> [Source data]
►
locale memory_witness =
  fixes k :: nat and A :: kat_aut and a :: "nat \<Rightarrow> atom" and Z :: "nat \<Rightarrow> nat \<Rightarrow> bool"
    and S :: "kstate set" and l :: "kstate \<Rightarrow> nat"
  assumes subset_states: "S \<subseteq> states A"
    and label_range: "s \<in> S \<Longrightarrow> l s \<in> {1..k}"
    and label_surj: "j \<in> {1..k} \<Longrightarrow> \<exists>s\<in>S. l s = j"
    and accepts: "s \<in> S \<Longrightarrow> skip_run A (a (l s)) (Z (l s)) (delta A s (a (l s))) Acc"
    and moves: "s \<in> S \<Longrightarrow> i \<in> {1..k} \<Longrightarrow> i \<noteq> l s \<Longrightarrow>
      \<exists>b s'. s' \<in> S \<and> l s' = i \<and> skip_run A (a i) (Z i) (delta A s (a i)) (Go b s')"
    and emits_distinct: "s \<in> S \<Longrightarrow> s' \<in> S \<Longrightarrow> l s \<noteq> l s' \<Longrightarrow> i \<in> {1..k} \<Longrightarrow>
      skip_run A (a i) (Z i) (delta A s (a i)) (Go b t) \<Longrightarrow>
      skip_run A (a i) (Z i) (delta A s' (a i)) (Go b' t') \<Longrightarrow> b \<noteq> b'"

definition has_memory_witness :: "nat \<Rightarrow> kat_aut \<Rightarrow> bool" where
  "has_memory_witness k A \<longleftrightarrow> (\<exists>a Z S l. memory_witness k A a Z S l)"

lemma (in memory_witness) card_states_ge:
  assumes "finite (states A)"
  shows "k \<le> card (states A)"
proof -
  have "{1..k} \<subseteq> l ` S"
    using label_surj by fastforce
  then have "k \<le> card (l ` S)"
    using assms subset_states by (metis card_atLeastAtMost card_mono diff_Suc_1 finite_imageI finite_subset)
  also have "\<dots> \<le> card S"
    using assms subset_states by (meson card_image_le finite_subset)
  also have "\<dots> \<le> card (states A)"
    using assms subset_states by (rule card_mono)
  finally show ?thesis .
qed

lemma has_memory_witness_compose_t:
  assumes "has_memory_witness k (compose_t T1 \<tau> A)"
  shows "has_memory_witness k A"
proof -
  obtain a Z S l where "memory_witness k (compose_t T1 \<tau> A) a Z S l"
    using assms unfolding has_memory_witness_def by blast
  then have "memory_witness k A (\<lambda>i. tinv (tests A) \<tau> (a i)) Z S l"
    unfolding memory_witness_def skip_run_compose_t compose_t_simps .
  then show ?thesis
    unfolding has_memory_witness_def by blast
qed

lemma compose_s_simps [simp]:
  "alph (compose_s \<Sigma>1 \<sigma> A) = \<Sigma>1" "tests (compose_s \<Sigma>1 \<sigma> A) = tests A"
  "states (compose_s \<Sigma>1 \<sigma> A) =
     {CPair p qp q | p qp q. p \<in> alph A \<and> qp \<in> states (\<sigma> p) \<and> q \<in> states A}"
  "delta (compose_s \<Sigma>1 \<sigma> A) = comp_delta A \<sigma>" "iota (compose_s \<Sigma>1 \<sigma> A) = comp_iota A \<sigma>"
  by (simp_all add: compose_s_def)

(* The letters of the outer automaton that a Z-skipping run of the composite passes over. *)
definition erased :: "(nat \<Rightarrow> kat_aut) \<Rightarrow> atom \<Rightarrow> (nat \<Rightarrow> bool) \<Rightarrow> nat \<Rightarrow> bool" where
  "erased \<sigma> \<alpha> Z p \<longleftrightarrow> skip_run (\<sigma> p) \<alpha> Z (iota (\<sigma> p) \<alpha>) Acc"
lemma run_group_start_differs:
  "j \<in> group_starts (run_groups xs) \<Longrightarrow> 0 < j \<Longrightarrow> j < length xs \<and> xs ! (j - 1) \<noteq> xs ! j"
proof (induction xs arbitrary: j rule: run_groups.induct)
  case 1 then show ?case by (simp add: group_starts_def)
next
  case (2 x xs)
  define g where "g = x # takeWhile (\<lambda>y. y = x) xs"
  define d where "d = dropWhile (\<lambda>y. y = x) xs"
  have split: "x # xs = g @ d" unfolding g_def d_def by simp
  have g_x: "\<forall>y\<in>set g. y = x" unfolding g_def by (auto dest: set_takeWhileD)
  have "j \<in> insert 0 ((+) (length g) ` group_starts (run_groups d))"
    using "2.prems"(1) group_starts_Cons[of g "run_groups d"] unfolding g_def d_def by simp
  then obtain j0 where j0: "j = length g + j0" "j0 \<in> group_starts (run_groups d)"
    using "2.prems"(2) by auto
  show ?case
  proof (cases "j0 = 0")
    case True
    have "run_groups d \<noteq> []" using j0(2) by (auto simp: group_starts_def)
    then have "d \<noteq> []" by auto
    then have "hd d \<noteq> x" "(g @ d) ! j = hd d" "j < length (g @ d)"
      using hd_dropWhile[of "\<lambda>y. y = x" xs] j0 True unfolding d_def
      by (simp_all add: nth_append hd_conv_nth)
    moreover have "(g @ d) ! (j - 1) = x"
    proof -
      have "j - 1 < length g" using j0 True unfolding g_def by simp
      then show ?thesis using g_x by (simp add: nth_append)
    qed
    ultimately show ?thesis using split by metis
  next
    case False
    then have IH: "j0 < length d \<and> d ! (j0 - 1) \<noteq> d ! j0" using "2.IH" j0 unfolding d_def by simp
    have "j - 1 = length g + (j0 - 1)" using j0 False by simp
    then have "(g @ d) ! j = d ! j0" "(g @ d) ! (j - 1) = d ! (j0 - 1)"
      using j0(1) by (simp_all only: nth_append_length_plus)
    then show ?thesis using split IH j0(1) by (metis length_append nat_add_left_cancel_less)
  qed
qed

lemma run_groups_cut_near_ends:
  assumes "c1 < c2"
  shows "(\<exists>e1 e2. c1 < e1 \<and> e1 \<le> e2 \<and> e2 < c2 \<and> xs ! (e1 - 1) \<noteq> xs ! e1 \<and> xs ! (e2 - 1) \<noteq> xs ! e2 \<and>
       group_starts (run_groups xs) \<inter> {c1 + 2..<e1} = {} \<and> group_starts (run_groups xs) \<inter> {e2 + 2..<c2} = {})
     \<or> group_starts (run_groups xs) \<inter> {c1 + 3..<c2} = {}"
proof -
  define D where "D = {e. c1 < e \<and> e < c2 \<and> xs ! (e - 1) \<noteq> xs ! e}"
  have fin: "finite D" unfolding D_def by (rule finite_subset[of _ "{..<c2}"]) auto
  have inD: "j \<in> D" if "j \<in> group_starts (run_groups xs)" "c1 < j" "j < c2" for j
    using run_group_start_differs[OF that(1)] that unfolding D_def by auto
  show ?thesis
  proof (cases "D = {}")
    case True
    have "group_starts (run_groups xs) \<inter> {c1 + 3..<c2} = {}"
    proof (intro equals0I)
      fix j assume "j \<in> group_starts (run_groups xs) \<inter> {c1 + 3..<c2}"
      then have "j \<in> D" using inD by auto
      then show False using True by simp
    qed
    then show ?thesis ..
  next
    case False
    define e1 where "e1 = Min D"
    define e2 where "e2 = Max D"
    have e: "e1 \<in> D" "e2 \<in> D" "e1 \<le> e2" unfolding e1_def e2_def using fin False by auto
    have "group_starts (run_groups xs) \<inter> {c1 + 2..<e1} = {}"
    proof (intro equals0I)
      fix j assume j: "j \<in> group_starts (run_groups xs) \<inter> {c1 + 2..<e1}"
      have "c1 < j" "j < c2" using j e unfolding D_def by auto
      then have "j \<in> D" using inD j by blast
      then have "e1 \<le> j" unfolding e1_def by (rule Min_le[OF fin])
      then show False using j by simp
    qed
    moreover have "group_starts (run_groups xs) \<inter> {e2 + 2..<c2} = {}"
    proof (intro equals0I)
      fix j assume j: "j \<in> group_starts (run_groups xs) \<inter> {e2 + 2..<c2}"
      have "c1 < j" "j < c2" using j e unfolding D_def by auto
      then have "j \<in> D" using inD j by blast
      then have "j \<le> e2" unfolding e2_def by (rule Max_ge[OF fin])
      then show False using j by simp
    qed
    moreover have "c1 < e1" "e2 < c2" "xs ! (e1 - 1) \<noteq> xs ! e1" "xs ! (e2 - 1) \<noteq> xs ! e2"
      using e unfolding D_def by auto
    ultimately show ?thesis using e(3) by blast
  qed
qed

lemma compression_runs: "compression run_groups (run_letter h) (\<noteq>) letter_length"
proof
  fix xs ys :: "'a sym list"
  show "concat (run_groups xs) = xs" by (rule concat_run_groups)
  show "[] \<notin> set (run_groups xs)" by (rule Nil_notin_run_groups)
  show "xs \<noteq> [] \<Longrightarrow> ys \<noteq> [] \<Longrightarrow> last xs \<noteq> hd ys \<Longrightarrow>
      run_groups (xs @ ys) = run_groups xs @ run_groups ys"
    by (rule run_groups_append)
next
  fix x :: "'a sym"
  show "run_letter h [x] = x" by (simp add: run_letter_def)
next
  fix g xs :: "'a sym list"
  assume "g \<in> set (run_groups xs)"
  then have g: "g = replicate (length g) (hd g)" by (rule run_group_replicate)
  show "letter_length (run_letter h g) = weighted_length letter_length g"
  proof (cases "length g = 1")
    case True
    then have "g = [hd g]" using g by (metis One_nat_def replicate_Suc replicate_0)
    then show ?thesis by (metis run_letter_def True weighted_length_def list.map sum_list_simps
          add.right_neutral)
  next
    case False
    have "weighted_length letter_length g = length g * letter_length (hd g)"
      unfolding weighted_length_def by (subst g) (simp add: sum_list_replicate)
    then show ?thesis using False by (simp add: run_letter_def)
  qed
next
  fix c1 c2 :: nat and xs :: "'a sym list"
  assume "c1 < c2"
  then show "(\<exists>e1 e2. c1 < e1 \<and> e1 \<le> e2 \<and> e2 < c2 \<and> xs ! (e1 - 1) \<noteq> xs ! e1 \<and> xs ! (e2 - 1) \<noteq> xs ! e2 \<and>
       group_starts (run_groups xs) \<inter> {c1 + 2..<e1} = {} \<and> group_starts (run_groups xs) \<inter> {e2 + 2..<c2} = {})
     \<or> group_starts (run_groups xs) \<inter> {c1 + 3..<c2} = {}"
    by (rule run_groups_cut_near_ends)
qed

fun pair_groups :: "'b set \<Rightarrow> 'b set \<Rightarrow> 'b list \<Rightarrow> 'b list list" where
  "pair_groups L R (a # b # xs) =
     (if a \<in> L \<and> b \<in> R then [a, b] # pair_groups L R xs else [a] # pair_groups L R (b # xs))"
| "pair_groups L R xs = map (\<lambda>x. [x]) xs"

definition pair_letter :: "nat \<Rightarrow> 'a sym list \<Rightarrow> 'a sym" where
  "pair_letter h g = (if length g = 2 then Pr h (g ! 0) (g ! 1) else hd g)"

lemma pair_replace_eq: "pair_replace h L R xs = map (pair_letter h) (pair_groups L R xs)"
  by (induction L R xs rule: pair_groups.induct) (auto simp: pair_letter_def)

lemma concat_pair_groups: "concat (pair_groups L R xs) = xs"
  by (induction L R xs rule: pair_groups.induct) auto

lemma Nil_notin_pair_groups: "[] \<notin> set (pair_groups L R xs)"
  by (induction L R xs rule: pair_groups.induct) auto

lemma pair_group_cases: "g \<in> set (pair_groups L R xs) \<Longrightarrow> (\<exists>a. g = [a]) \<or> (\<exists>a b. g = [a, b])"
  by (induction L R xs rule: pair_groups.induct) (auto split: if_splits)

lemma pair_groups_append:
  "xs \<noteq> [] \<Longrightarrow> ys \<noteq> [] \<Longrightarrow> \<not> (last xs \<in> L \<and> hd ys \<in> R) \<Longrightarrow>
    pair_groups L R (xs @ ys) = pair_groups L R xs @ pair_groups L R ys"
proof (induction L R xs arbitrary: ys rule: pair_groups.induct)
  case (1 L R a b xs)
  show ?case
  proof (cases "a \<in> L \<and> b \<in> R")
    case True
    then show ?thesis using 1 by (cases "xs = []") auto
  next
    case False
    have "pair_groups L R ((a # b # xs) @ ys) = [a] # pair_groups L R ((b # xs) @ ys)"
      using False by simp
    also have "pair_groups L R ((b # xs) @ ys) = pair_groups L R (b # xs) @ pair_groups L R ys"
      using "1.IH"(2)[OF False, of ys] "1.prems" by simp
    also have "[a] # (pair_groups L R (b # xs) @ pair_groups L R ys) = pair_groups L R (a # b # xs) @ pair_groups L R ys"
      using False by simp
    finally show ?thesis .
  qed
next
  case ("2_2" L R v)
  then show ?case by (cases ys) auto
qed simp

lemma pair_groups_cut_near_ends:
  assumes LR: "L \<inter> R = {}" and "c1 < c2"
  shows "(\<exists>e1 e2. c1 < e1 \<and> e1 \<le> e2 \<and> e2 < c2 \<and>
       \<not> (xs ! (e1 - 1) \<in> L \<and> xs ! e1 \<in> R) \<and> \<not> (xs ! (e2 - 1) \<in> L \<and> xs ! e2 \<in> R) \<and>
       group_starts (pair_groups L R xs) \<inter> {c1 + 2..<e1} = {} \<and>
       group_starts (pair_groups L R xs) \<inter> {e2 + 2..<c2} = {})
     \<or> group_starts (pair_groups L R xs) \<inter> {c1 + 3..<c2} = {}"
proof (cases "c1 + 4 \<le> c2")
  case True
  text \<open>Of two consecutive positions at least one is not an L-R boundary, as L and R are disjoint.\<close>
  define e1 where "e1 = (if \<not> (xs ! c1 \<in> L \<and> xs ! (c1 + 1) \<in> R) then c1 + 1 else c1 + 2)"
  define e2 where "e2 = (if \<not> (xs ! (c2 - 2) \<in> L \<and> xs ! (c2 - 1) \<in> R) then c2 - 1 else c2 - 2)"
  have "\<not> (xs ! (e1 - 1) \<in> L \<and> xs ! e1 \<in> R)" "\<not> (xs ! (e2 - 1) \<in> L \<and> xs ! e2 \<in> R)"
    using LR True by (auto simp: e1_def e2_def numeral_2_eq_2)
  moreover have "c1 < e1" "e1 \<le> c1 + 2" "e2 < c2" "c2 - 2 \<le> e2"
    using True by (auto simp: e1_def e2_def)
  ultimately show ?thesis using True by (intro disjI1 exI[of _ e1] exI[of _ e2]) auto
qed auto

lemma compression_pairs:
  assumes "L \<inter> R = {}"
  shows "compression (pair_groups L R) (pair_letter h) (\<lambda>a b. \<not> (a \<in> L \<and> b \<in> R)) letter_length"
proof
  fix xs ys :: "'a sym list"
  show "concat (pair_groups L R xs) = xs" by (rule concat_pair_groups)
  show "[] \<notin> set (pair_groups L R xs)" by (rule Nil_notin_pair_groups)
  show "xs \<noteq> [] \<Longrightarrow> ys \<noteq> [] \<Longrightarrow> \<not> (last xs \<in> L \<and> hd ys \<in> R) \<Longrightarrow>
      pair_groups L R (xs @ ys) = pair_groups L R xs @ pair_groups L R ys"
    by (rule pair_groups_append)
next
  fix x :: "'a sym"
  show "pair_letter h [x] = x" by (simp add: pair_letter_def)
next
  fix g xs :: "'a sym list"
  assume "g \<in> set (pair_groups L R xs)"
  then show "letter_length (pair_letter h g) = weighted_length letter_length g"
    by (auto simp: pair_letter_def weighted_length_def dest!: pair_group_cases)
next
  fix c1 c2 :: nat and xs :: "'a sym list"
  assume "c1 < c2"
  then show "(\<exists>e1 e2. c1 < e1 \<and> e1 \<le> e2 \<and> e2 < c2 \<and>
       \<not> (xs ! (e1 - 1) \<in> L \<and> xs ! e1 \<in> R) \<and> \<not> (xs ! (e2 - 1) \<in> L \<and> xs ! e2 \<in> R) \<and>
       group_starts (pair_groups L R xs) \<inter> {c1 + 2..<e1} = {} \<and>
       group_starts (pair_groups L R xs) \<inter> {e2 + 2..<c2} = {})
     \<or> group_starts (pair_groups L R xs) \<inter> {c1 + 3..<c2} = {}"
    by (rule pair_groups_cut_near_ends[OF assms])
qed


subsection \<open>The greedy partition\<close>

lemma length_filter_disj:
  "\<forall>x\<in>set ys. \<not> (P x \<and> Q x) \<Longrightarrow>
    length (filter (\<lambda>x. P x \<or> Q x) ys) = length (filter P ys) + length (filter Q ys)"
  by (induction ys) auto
◄
►
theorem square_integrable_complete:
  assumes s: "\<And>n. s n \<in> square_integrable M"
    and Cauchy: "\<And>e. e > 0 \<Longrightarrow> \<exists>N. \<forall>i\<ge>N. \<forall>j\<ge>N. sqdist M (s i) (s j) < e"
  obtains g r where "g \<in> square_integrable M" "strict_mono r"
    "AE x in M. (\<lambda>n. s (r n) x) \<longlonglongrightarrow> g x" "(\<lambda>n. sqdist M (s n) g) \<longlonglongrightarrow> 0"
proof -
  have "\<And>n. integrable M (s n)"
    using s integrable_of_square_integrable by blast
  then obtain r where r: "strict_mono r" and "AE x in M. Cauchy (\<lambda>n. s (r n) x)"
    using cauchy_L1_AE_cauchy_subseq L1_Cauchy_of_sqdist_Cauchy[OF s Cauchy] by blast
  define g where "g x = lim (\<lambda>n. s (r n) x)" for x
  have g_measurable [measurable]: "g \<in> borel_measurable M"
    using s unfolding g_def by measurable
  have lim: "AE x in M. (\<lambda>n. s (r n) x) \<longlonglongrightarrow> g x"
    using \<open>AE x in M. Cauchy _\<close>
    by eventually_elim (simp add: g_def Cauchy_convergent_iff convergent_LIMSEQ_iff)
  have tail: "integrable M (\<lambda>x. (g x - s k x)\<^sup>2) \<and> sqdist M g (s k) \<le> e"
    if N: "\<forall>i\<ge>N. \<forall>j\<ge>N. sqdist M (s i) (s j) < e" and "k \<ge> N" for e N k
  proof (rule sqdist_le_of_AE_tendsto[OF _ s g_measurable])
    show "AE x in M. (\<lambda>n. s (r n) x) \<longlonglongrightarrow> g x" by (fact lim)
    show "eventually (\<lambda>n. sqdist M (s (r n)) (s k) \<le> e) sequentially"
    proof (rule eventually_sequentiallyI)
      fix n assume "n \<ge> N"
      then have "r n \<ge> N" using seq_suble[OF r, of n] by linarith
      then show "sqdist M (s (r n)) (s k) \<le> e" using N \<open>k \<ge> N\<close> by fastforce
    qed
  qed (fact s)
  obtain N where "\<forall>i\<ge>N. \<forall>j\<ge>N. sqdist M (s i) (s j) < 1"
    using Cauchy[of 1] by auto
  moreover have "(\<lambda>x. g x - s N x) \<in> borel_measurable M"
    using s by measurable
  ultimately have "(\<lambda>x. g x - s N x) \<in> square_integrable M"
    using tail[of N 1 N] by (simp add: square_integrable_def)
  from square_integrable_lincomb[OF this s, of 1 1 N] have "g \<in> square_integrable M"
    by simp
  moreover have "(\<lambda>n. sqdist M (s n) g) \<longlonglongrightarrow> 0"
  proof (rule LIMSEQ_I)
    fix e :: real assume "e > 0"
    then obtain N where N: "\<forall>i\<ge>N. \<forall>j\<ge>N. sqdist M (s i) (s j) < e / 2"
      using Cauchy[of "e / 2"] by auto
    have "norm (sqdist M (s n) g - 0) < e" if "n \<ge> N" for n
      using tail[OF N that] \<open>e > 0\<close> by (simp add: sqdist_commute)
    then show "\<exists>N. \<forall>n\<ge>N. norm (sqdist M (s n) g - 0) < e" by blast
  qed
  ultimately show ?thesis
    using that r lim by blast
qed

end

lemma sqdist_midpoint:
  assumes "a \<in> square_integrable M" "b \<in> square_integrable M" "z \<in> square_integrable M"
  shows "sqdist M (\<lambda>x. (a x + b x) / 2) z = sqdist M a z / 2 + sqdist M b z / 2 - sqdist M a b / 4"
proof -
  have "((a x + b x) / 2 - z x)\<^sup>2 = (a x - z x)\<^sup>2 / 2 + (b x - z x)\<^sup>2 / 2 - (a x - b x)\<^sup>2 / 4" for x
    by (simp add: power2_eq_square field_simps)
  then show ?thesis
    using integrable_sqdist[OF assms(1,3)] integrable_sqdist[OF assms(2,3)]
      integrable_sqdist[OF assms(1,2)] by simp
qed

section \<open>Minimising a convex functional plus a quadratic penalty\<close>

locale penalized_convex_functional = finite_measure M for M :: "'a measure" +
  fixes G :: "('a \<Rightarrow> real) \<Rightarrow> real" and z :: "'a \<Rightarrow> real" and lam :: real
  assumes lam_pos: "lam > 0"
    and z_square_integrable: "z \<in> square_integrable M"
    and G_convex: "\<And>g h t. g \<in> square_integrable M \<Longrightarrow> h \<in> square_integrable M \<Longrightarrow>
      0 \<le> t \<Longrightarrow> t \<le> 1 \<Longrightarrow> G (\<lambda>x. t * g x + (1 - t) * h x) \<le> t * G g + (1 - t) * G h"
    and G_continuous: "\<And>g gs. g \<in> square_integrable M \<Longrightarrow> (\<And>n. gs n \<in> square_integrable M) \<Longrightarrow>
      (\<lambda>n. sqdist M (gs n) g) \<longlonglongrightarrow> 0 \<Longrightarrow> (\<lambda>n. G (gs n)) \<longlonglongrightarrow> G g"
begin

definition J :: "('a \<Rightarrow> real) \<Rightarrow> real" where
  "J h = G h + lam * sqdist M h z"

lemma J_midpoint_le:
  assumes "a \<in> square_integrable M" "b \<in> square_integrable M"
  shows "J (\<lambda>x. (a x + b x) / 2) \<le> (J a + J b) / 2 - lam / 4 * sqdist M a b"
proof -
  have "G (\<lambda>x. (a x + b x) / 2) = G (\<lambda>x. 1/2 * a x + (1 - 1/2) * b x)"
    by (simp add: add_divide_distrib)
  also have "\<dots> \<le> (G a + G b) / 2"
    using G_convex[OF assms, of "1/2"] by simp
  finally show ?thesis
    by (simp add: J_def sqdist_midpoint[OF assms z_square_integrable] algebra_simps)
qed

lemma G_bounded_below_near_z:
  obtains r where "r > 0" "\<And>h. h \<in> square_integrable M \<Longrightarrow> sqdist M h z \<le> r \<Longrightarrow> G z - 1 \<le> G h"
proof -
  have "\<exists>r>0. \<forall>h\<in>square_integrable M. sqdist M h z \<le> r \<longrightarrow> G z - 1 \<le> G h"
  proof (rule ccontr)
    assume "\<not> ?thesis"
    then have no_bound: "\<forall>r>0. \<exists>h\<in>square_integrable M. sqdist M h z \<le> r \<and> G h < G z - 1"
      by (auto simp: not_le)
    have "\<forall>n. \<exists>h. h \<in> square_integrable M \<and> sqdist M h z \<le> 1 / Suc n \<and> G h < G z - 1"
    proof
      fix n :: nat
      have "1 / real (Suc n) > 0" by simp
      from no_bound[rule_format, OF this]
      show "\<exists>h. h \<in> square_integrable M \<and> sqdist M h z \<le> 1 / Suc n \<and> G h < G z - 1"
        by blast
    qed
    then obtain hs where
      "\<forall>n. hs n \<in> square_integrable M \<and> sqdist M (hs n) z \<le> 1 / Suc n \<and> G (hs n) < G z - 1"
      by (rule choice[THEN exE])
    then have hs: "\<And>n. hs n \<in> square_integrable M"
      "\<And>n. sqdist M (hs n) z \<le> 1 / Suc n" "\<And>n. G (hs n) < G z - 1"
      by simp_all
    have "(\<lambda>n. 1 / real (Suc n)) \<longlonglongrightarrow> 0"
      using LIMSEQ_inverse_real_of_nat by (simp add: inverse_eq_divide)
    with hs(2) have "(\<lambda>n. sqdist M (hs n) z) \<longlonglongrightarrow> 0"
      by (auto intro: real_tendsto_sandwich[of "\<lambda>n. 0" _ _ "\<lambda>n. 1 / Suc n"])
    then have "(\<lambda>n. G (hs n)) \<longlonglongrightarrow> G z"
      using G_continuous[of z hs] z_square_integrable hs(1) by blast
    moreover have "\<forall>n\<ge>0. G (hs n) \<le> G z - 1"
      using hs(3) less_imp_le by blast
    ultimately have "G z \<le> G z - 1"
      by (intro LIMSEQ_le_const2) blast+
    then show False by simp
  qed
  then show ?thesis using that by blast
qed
◄
> [Problem to solve]
Go through the entries above and copy each line holding the string "delta".

> [Expected answer]
    and accepts: "s \<in> S \<Longrightarrow> skip_run A (a (l s)) (Z (l s)) (delta A s (a (l s))) Acc"
      \<exists>b s'. s' \<in> S \<and> l s' = i \<and> skip_run A (a i) (Z i) (delta A s (a i)) (Go b s')"
      skip_run A (a i) (Z i) (delta A s (a i)) (Go b t) \<Longrightarrow>
      skip_run A (a i) (Z i) (delta A s' (a i)) (Go b' t') \<Longrightarrow> b \<noteq> b'"
  "delta (compose_s \<Sigma>1 \<sigma> A) = comp_delta A \<sigma>" "iota (compose_s \<Sigma>1 \<sigma> A) = comp_iota A \<sigma>"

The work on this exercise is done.